Cloud Music Storage Software Promises Access to Your Entire Music Library From Any Computer or Cell Phone
The cloud music concept really took flight with Lala.com offering listeners the option of new music exposure. But with Apple acquiring Lala last year, its days may be numbered, as no word is out yet on exactly what Apple is going to do with the company. On Wednesday, mSpot -- known mostly for its abilities to stream entire movies (albeit with reception that's a bit fuzzy) on the go --launched a private beta for a cloud music service of its own aimed at smartphone users. Made to stream to Android phones over 3G networks (and to BlackBerry in the near future), it's a huge step in the right direction. It's definitely ahead of MySpace Music and their ad-supported interface, or Spotify with its limitations in the U.S. due to copyright restrictions.
Aimed at delivering music, full-length feature films, full-format
radio, and TV to more than six million mobile customers across 10
wireless carriers, mSpot has the potential to save music lovers a lot
of money. They work closely with all four major music labels (Sony,
EMI, Warner, and Universal), as well as major studios (Universal
Studios Home Entertainment, The Walt Disney Studios, Image
Entertainment, Lionsgate, Paramount Pictures, and Screen Media
Ventures) and broadcast companies (including ABC, CBS, ClearChannel,
Fox Sports, NPR) to provide the best content.
Instead of selling songs, they sell storage. Up to 2GB of storage on their cloud server is free, 10GB will run $3 a month, and 20GB of storage goes for just $5 a month. They're specifically targeting cell phone users, and the software works on both PCs and Macs. They're marketed as an easy way to sync music from your PC to your phone with no cables or downloads required.
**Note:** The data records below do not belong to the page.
lemma cos_coeff_lower_first_integral:
  assumes lam: "lam > 0" and p01: "p0 < p1" and p1: "p1 < 0" and X: "Xsp a p0 p1 \<psi>"
    and layer: "\<And>x. x \<in> UNIV \<times> {p0..<p1} \<Longrightarrow>
      pd {p0..<p1} [False, False] \<psi> x + (1 / lam)\<^sup>2 * pd {p0..<p1} [True, True] \<psi> x
        = cos (fst x) * (\<beta> * lower_profile lam p0 p1 0 (snd x))"
  shows "cos_coeff (pd {p0..p1} [False] \<psi>) p1 = cos_coeff \<psi> p1 * (coth ((p1 - p0) / lam) / lam)
      + pi * \<beta> * lower_profile_sq_primitive lam p0 p1 p1"
proof (rule lower_first_integral[where H = "cos_coeff \<psi>" and D = "cos_coeff (pd {p0..p1} [False] \<psi>)",
      OF lam p01])
  have C2: "Cka a 2 {p0..<p1} \<psi>" and C1: "Cka a 1 {p0..p1} \<psi>" and C0: "Cka a 0 {p0..0} \<psi>"
    and "per_even {p0..0} \<psi>" and bottom: "\<And>q. \<psi> (q, p0) = 0"
    using X by (auto simp: Xsp_def)
  show "continuous_on {p0..p1} (cos_coeff \<psi>)"
    using Cka_continuous_onD[OF C0, of "[]"] p1
    by (intro continuous_on_subset[OF continuous_on_cos_coeff]) auto
  show "continuous_on {p0..p1} (cos_coeff (pd {p0..p1} [False] \<psi>))"
    by (rule continuous_on_cos_coeff[OF Cka_continuous_onD[OF C1]]) simp
  show "(cos_coeff \<psi> has_real_derivative cos_coeff (pd {p0..p1} [False] \<psi>) p) (at p)"
    if "p \<in> {p0<..<p1}" for p
    by (rule has_real_derivative_cos_coeff_Cka[OF C1 _ that]) auto
  show "(cos_coeff (pd {p0..p1} [False] \<psi>) has_real_derivative
      (1 / lam)\<^sup>2 * cos_coeff \<psi> p + pi * \<beta> * lower_profile lam p0 p1 0 p) (at p)"
    if "p \<in> {p0<..<p1}" for p
  proof -
    have "{p0..<p1} \<subseteq> {p0..0}" "{p0<..<p1} \<subseteq> {p0..p1}" "{p0<..<p1} \<subseteq> {p0..<p1}" using p1 by auto
    from cos_coeff_layer_ode[OF C2 C1 \<open>per_even _ _\<close> this that layer]
    show ?thesis by (simp add: mult.assoc)
  qed
  show "cos_coeff \<psi> p0 = 0" using bottom by (simp add: cos_coeff_def)
qed

lemma Lop_ne_mode_forcing:
  assumes Gam: "Gam > 0" and lam: "lam > 0" and p01: "p0 < p1" and p1: "p1 < 0" and "c \<noteq> 0"
    and dispersion: "g * jrho = Gam\<^sup>2 * coth (p1 / Gam) - lam\<^sup>2 * coth ((p1 - p0) / lam)"
    and X: "Xsp a p0 p1 \<psi>"
  shows "\<not> eqY p0 p1 (Lop g jrho Gam p0 p1 lam \<psi>) (mode_forcing c lam p0 p1)"
proof
  assume "eqY p0 p1 (Lop g jrho Gam p0 p1 lam \<psi>) (mode_forcing c lam p0 p1)"
  then have upper_layer: "\<And>x. x \<in> UNIV \<times> {p1<..0} \<Longrightarrow>
      pd {p1<..0} [False, False] \<psi> x + (1 / Gam)\<^sup>2 * pd {p1<..0} [True, True] \<psi> x = cos (fst x) * 0"
    and lower_layer: "\<And>x. x \<in> UNIV \<times> {p0..<p1} \<Longrightarrow>
      pd {p0..<p1} [False, False] \<psi> x + (1 / lam)\<^sup>2 * pd {p0..<p1} [True, True] \<psi> x
        = cos (fst x) * (2 / (c * lam ^ 3) * lower_profile lam p0 p1 0 (snd x))"
    and interface: "\<And>q. 2 * (Gam ^ 3 * pd {p1..0} [False] \<psi> (q, p1)
          - lam ^ 3 * pd {p0..p1} [False] \<psi> (q, p1))
        - 2 * g * jrho * \<psi> (q, p1) = (- 6 * lam\<^sup>2 / c * lower_profile lam p0 p1 1 p1) * cos q"
    and top: "\<And>q. \<psi> (q, 0) = dmean p1 \<psi>"
    by (auto simp: eqY_def Lop_def mode_forcing_def)
  have C1: "Cka a 1 {p1..0} \<psi>" "Cka a 1 {p0..p1} \<psi>" and C0: "Cka a 0 {p0..0} \<psi>"
    using X by (auto simp: Xsp_def)
  have "continuous_on (UNIV \<times> {p1..0}) (pd {p1..0} [False] \<psi>)"
    "continuous_on (UNIV \<times> {p0..p1}) (pd {p0..p1} [False] \<psi>)" "continuous_on (UNIV \<times> {p0..0}) (pd {p0..0} [] \<psi>)"
    by (rule Cka_continuous_onD[OF C1(1)] Cka_continuous_onD[OF C1(2)] Cka_continuous_onD[OF C0]; simp)+
  then have "2 * (Gam ^ 3 * cos_coeff (pd {p1..0} [False] \<psi>) p1 - lam ^ 3 * cos_coeff (pd {p0..p1} [False] \<psi>) p1)
      - 2 * g * jrho * cos_coeff \<psi> p1 = - 6 * lam\<^sup>2 / c * lower_profile lam p0 p1 1 p1 * pi"
    using p01 p1 by (intro cos_coeff_interface_identity[OF _ _ _ _ _ _ interface]) auto
  moreover define sh ch where "sh = sinh ((p1 - p0) / lam)" and "ch = cosh ((p1 - p0) / lam)"
  moreover have "coth ((p1 - p0) / lam) = ch / sh" by (simp add: coth_def sh_def ch_def)
  moreover have "lower_profile lam p0 p1 1 p1 = (ch / sh) / lam"
    unfolding lower_profile_deriv_interface coth_def sh_def ch_def ..
  moreover have "lower_profile_sq_primitive lam p0 p1 p1 = (lam * sh * ch - (p1 - p0)) / (2 * sh\<^sup>2)"
    by (simp add: lower_profile_sq_primitive_def sh_def ch_def algebra_simps)
  moreover have "sh > 0" "ch > 0" "p1 - p0 > 0" using lam p01 by (simp_all add: sh_def ch_def)
  moreover have "pi * (2 / (c * lam ^ 3)) = 2 * pi / (c * lam ^ 3)" by simp
  ultimately show False
    using interface_balance_impossible[OF Gam lam \<open>c \<noteq> 0\<close>, of sh ch "p1 - p0"]
      cos_coeff_upper_first_integral[OF Gam p01 p1 X upper_layer top]
      cos_coeff_lower_first_integral[OF lam p01 p1 X lower_layer] dispersion
    by (metis (no_types, lifting))
qed

theorem lemma3p7:
  fixes a g l p0 p1 jrho Gam lamstar :: real
    and phistar :: "real \<times> real \<Rightarrow> real"
  assumes "0 < a" and "a < 1"
    and "g > 0" and "l > 0" and "p0 < p1" and "p1 < 0" and "jrho < 0" and "Gam > 0"
    and "\<bar>p1\<bar> = Gam * l"
    and "g * jrho - Gam^2 * coth (p1 / Gam) < 0"
    and "lamstar > 0"
    and "g * jrho = Gam^2 * coth (p1 / Gam) - lamstar^2 * coth ((p1 - p0) / lamstar)"
    and "\<forall>lam>0. g * jrho = Gam^2 * coth (p1 / Gam) - lam^2 * coth ((p1 - p0) / lam) \<longrightarrow> lam = lamstar"
    and "generates_kernel a g jrho Gam p0 p1 lamstar phistar"
  shows "\<not> in_range a g jrho Gam p0 p1 lamstar (dLop g jrho Gam p0 p1 lamstar phistar)"
proof
  assume "in_range a g jrho Gam p0 p1 lamstar (dLop g jrho Gam p0 p1 lamstar phistar)"
  then obtain \<psi> where "Xsp a p0 p1 \<psi>"
    and \<psi>: "eqY p0 p1 (Lop g jrho Gam p0 p1 lamstar \<psi>) (dLop g jrho Gam p0 p1 lamstar phistar)"
    unfolding in_range_def by blast
  obtain c where "c \<noteq> 0" and c: "\<And>x. x \<in> UNIV \<times> {p0..0} \<Longrightarrow> kernel_mode Gam lamstar p0 p1 x = c * phistar x"
    using kernel_generator_multiple_of_kernel_mode[OF assms(1,2,8,11,5,6,12,14)] by blast
  have "eqY p0 p1 (dLop g jrho Gam p0 p1 lamstar phistar) (mode_forcing c lamstar p0 p1)"
    using \<open>lamstar > 0\<close> \<open>p0 < p1\<close> \<open>p1 < 0\<close> \<open>c \<noteq> 0\<close> c by (intro dLop_multiple_of_kernel_mode) auto
  with \<psi> have "eqY p0 p1 (Lop g jrho Gam p0 p1 lamstar \<psi>) (mode_forcing c lamstar p0 p1)"
    by (rule eqY_trans)
  with Lop_ne_mode_forcing[OF \<open>Gam > 0\<close> \<open>lamstar > 0\<close> \<open>p0 < p1\<close> \<open>p1 < 0\<close> \<open>c \<noteq> 0\<close> assms(12) \<open>Xsp a p0 p1 \<psi>\<close>]
  show False by contradiction
qed

end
mSpot shows you the lyrics of any song with one click -- which is an added bonus -- but to conserve storage space, the service compresses your music files to 48kbs AAC+ files. Now what does that mean exactly? It's a significant quality downgrade from what you purchase from iTunes, and could pose a legitimate audible problem for hardcore audiophiles. You'll hear low bitrates and most users will be uploading songs that have already been data-compressed when they were initially encoded as MP3 or AAC files. Hearing your favorite tunes over a cell phone speaker might not make the sound quality that noticeable, but with headphones you'll definitely hear the difference.
mSpot has the potential to drive portable music listening into the future, but the verdict is still out on whether they'll be able to compete with whatever Apple ends up coming up with.